[Task instructions]
Repeat each entry verbatim.

= Beginning of Section =

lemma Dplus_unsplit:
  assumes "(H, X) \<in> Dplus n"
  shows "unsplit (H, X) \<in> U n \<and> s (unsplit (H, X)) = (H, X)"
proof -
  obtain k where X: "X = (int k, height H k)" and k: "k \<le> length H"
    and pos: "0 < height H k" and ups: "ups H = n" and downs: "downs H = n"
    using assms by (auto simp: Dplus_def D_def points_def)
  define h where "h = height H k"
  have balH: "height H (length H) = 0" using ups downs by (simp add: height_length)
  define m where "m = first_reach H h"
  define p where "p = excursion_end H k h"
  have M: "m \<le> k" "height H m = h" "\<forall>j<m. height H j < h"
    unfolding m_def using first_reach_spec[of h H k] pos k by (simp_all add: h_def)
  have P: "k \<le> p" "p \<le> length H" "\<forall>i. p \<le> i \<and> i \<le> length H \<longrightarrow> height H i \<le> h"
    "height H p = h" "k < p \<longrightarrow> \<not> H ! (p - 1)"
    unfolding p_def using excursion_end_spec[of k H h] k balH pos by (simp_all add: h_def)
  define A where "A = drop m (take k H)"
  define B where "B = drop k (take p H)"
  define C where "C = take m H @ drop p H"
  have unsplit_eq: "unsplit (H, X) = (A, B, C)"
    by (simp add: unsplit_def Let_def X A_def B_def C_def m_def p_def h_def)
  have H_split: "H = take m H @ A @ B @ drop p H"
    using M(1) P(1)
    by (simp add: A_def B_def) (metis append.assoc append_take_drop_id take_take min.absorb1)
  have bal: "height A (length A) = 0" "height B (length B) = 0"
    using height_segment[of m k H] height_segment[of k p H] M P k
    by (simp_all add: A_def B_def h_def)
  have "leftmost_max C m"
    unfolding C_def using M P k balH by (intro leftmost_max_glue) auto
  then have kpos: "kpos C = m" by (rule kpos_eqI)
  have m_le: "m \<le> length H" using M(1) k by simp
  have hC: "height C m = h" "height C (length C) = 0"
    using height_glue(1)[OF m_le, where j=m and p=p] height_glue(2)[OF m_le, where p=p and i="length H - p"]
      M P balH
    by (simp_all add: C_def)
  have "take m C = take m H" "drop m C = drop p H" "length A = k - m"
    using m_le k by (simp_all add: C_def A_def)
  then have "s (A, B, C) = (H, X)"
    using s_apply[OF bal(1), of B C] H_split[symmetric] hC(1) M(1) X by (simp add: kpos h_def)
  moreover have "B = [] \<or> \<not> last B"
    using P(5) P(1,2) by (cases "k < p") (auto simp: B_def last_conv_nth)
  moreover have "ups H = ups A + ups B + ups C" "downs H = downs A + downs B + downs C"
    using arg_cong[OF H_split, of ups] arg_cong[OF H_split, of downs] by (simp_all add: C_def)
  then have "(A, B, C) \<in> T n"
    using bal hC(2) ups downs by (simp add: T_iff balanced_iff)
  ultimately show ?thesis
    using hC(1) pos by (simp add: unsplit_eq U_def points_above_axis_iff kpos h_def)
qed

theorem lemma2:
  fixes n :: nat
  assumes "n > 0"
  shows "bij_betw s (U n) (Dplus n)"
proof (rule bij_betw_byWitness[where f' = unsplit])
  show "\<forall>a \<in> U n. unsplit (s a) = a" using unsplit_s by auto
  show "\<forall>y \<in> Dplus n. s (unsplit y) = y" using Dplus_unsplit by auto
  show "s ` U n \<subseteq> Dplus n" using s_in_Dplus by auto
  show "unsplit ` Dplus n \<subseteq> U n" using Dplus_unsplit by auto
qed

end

= End of Section =

[Solution]
lemma Dplus_unsplit:
  assumes "(H, X) \<in> Dplus n"
  shows "unsplit (H, X) \<in> U n \<and> s (unsplit (H, X)) = (H, X)"
proof -
  obtain k where X: "X = (int k, height H k)" and k: "k \<le> length H"
    and pos: "0 < height H k" and ups: "ups H = n" and downs: "downs H = n"
    using assms by (auto simp: Dplus_def D_def points_def)
  define h where "h = height H k"
  have balH: "height H (length H) = 0" using ups downs by (simp add: height_length)
  define m where "m = first_reach H h"
  define p where "p = excursion_end H k h"
  have M: "m \<le> k" "height H m = h" "\<forall>j<m. height H j < h"
    unfolding m_def using first_reach_spec[of h H k] pos k by (simp_all add: h_def)
  have P: "k \<le> p" "p \<le> length H" "\<forall>i. p \<le> i \<and> i \<le> length H \<longrightarrow> height H i \<le> h"
    "height H p = h" "k < p \<longrightarrow> \<not> H ! (p - 1)"
    unfolding p_def using excursion_end_spec[of k H h] k balH pos by (simp_all add: h_def)
  define A where "A = drop m (take k H)"
  define B where "B = drop k (take p H)"
  define C where "C = take m H @ drop p H"
  have unsplit_eq: "unsplit (H, X) = (A, B, C)"
    by (simp add: unsplit_def Let_def X A_def B_def C_def m_def p_def h_def)
  have H_split: "H = take m H @ A @ B @ drop p H"
    using M(1) P(1)
    by (simp add: A_def B_def) (metis append.assoc append_take_drop_id take_take min.absorb1)
  have bal: "height A (length A) = 0" "height B (length B) = 0"
    using height_segment[of m k H] height_segment[of k p H] M P k
    by (simp_all add: A_def B_def h_def)
  have "leftmost_max C m"
    unfolding C_def using M P k balH by (intro leftmost_max_glue) auto
  then have kpos: "kpos C = m" by (rule kpos_eqI)
  have m_le: "m \<le> length H" using M(1) k by simp
  have hC: "height C m = h" "height C (length C) = 0"
    using height_glue(1)[OF m_le, where j=m and p=p] height_glue(2)[OF m_le, where p=p and i="length H - p"]
      M P balH
    by (simp_all add: C_def)
  have "take m C = take m H" "drop m C = drop p H" "length A = k - m"
    using m_le k by (simp_all add: C_def A_def)
  then have "s (A, B, C) = (H, X)"
    using s_apply[OF bal(1), of B C] H_split[symmetric] hC(1) M(1) X by (simp add: kpos h_def)
  moreover have "B = [] \<or> \<not> last B"
    using P(5) P(1,2) by (cases "k < p") (auto simp: B_def last_conv_nth)
  moreover have "ups H = ups A + ups B + ups C" "downs H = downs A + downs B + downs C"
    using arg_cong[OF H_split, of ups] arg_cong[OF H_split, of downs] by (simp_all add: C_def)
  then have "(A, B, C) \<in> T n"
    using bal hC(2) ups downs by (simp add: T_iff balanced_iff)
  ultimately show ?thesis
    using hC(1) pos by (simp add: unsplit_eq U_def points_above_axis_iff kpos h_def)
qed

theorem lemma2:
  fixes n :: nat
  assumes "n > 0"
  shows "bij_betw s (U n) (Dplus n)"
proof (rule bij_betw_byWitness[where f' = unsplit])
  show "\<forall>a \<in> U n. unsplit (s a) = a" using unsplit_s by auto
  show "\<forall>y \<in> Dplus n. s (unsplit y) = y" using Dplus_unsplit by auto
  show "s ` U n \<subseteq> Dplus n" using s_in_Dplus by auto
  show "unsplit ` Dplus n \<subseteq> U n" using Dplus_unsplit by auto
qed

end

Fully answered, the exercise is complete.